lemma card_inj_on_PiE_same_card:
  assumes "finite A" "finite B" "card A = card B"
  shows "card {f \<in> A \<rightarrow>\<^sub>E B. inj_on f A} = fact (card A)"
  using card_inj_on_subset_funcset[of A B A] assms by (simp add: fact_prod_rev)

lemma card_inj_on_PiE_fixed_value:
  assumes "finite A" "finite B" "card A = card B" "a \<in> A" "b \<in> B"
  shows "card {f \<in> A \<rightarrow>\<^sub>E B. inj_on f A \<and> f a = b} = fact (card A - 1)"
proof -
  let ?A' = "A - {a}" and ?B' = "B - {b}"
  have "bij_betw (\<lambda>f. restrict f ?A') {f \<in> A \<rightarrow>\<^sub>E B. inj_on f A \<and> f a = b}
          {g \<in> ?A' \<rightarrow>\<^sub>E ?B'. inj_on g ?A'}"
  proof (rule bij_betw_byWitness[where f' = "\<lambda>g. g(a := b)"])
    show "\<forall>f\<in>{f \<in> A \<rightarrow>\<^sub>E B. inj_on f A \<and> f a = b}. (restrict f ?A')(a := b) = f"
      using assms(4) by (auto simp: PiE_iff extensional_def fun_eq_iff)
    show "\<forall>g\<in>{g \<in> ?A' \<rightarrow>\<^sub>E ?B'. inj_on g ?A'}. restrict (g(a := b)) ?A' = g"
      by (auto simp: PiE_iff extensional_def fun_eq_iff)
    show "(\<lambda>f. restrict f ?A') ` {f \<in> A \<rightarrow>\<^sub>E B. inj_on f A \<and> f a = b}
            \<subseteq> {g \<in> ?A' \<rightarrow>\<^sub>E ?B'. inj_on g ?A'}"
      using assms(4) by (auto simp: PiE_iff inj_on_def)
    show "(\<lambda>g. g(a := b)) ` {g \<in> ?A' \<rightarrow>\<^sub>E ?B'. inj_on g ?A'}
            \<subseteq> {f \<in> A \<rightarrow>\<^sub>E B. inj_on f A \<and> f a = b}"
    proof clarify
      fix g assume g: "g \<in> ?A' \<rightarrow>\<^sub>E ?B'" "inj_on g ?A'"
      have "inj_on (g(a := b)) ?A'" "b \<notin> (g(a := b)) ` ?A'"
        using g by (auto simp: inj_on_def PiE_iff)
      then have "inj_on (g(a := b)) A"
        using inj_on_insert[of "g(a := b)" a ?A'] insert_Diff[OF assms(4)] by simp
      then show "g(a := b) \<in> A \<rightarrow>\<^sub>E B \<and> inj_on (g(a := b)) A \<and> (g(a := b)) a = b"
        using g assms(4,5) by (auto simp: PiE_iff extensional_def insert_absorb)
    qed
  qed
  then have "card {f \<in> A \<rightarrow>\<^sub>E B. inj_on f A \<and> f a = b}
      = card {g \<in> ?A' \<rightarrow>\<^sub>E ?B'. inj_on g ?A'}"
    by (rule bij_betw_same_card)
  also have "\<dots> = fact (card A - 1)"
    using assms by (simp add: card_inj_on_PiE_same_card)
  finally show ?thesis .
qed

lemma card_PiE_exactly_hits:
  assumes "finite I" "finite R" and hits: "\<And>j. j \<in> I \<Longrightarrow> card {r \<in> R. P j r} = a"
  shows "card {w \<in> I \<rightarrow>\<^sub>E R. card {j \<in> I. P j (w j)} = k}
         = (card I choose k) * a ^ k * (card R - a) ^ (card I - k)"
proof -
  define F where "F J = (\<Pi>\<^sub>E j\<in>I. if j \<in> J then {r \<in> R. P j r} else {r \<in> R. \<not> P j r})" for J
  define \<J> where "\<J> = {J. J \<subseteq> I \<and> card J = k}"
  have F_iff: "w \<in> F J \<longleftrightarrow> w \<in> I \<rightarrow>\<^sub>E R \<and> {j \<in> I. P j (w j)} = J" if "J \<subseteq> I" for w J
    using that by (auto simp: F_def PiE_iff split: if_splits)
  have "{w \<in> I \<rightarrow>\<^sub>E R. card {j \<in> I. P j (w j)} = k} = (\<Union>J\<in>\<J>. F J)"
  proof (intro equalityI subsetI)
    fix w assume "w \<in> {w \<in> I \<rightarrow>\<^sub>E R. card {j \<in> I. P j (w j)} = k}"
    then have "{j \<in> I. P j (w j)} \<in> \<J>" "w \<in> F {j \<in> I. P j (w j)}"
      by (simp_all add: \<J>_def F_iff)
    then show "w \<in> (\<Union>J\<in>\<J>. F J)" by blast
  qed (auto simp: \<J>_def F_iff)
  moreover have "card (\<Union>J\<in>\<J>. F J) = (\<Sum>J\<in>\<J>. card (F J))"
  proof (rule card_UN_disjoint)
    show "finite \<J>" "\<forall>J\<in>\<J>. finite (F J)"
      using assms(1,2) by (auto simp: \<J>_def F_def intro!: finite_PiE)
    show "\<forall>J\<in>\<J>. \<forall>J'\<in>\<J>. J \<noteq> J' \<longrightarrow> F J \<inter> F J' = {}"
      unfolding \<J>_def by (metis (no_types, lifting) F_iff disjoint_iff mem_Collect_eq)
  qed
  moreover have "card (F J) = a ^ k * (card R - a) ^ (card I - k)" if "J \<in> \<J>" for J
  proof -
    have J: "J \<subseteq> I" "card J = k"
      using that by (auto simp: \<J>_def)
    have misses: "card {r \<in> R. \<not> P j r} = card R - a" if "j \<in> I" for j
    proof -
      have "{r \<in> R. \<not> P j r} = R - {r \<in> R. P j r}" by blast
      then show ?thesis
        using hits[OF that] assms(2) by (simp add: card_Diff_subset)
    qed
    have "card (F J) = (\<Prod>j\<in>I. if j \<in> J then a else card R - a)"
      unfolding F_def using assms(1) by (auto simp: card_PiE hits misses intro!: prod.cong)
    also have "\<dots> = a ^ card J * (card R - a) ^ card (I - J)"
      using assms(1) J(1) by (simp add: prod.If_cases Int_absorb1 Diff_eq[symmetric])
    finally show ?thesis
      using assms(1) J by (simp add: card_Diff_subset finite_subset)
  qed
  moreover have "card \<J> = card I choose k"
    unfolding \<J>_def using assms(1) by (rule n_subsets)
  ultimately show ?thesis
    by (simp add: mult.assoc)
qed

----

▸ **Exercise instructions**:
Examine the records and report how many lines contain the string "also". Only the number should be given.

▸ **Output for this task**:
2